Normal volunteers 18 to 45 years of age may be eligible for this study. Candidates will have a history and physical examination, blood and urine tests, electrocardiogram (EKG) and chest X-ray. In addition, volunteers 40 to 45 years old will have an exercise stress test to screen for asymptomatic coronary artery disease. Participants will undergo one or more of the following procedures:
Bronchoscopy, Bronchoalveolar Lavage, Bronchial Brushings, and Endobronchial Mucosal Biopsies: These techniques for examining lung function are used routinely in patient care and clinical research. The mouth and nasal and lung airways are numbed with an anesthetic. A bronchoscope (pencil-thin flexible tube) is then passed through the nose into the large airways of the lung. Cells and secretions from the airways are rinsed with salt water (bronchoalveolar lavage) and a flexible brush the size of a pencil tip is passed through the bronchoscope to scrape cells lining the airways. Lastly, pieces of tissue (the size of the ball of a ballpoint pen) lining the airways are removed for examination under the microscope.
Intravenous Endotoxin: A small dose of endotoxin is injected into a vein. Blood samples are drawn at regular intervals for 8 hours after the injection and again after 1, 2, 3, 7 and 14 days to analyze the body s immune response to the bacteria in the blood.
Instilled Endotoxin in the Lungs: A small amount (2 teaspoons) of salt water is squirted through a bronchoscope into a lobe of one lung, and then salt water containing a small dose of endotoxin is squirted into the other lung. Bronchial lavage, brushing, and biopsy (see above) are then done to study the response of the lung to the endotoxin. In addition, air is withdrawn through the bronchoscope to study air components from the lung that was instilled with salt water or endotoxin.
Nitric Oxide Therapy: Endotoxin is instilled in a lung (see above) and then nitric oxide a colorless, odorless, tasteless gas mixed with room air in a concentration of 40 parts per million, is given through a cushioned mask placed over the mouth and nose. (Some participants will be given the nitric oxide mixture and others will breathe only room air through the mask to test the effects of the nitric oxide on the lung inflammation.) The mask will be worn continuously for 6 hours and removed before repeat bronchoscopy with lavage, brushing and biopsy.
Some of the above procedures require placement of a catheter (thin plastic tube) in a wrist artery to monitor blood pressure from heartbeat to heartbeat and to collect blood samples. First, the skin is numbed with an anesthetic (lidocaine). A needle is then inserted into the artery, the catheter is slipped over the needle into the vessel, and the needle is removed.

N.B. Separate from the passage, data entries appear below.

lemma expected_regret_trap_dist:
  assumes "4 \<le> T" "i < 2"
  shows "(real T - 4) / 4 \<le> expected_regret (\<lambda>_. 2) 2 trap_dist i T"
proof -
  let ?P = "reward_space (\<lambda>_. 2) 2 trap_dist T"
  let ?E = "trap_event T"
  interpret prob_space ?P
    by (rule trap.prob_space_reward_space)
  have "prob ?E = 1 / 4"
    using assms(1) by (intro prob_trap_event) simp
  have "(\<integral>\<omega>. reward_sum (\<lambda>_. 2) 2 \<omega> i T \<partial>?P) \<le> real T - (real T - 4) * prob ?E"
  proof (rule expectation_le_if_small_on_event)
    show "integrable ?P (\<lambda>\<omega>. reward_sum (\<lambda>_. 2) 2 \<omega> i T)"
      using assms(2) by (rule trap.integrable_reward_sum)
    show "?E \<in> events"
      unfolding trap_event_def by measurable
    show "AE \<omega> in ?P. reward_sum (\<lambda>_. 2) 2 \<omega> i T \<le> T"
      using trap.AE_reward_sum_bounds[OF assms(2)] by eventually_elim simp
    show "AE \<omega> in ?P. \<omega> \<in> ?E \<longrightarrow> reward_sum (\<lambda>_. 2) 2 \<omega> i T \<le> 4"
      using AE_trap_supported by eventually_elim (use reward_sum_trapped assms in \<open>auto simp: trap_event_def\<close>)
  qed (use assms in simp)
  then show ?thesis
    unfolding \<open>prob ?E = 1 / 4\<close> expected_regret_def mu_star_trap_dist by linarith
qed

theorem theorem4:
  shows "\<exists>(M::nat) (K::nat \<Rightarrow> nat) (F::nat list \<Rightarrow> real measure).
           M \<ge> 1 \<and> (\<forall>i<M. K i \<ge> 1) \<and>
           (\<forall>a\<in>tuples K M. prob_space (F a) \<and> sets (F a) = sets borel \<and>
               (AE x in F a. 0 \<le> x \<and> x \<le> 1) \<and> one_subgaussian (F a)) \<and>
           (\<exists>c>0. \<exists>T0. \<forall>T\<ge>T0. \<forall>i<M.
               integrable (reward_space K M F T) (\<lambda>\<omega>. reward_sum K M \<omega> i T) \<and>
               expected_regret K M F i T \<ge> c * real T)"
proof (rule exI[of _ 2], rule exI[of _ "\<lambda>_. 2"], rule exI[of _ trap_dist], intro conjI ballI)
  fix a
  show "prob_space (trap_dist a)" "sets (trap_dist a) = sets borel"
    by (simp_all add: trap_dist_def prob_space_pmf_borel)
  show "AE x in trap_dist a. 0 \<le> x \<and> x \<le> 1"
    by (rule trap_dist_unit_interval)
  then show "one_subgaussian (trap_dist a)"
    by (intro one_subgaussian_if_AE_interval[where a = 0 and b = 1])
       (auto simp: trap_dist_def prob_space_pmf_borel)
next
  have "1 / 8 * real T \<le> expected_regret (\<lambda>_. 2) 2 trap_dist i T" if "8 \<le> T" "i < 2" for T i
    using expected_regret_trap_dist[of T i] that by simp
  then show "\<exists>c>0. \<exists>T0. \<forall>T\<ge>T0. \<forall>i<2.
      integrable (reward_space (\<lambda>_. 2) 2 trap_dist T) (\<lambda>\<omega>. reward_sum (\<lambda>_. 2) 2 \<omega> i T) \<and>
      c * real T \<le> expected_regret (\<lambda>_. 2) 2 trap_dist i T"
    using trap.integrable_reward_sum by (intro exI[of _ "1 / 8"] exI[of _ 8]) auto
qed simp_all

|Healthy Lung Disease Sepsis Septic Shock||Drug: Reference Endotoxin Drug: Inhaled Nitric Oxide||Phase 1|
|Study Design:||Primary Purpose: Treatment|
|Official Title:||The Cardiopulmonary Effects of Endotoxin in Normal Human Volunteers|
|Study Start Date:||April 4, 1992|
|Study Completion Date:||March 21, 2007|
|Primary Completion Date:||March 21, 2007 (Final data collection date for primary outcome measure)|
Endotoxin is a unique molecule because it represents an important probe for investigating the humoral and cellular basis of septic shock. Endotoxin administration to humans provides an opportunity to evaluate the earliest responses that are activated after exposure to an important bacterial component. Many alterations in organ function and circulating mediators can be evaluated in this model. These changes are qualitatively similar to changes that occur during sepsis and septic shock. The applications of new technologies to this model are useful adjuncts to define mechanisms of acute inflammatory responses. Defining these pathways and their interactions may allow a better understanding of the factors that can be controlled or altered during critical illness.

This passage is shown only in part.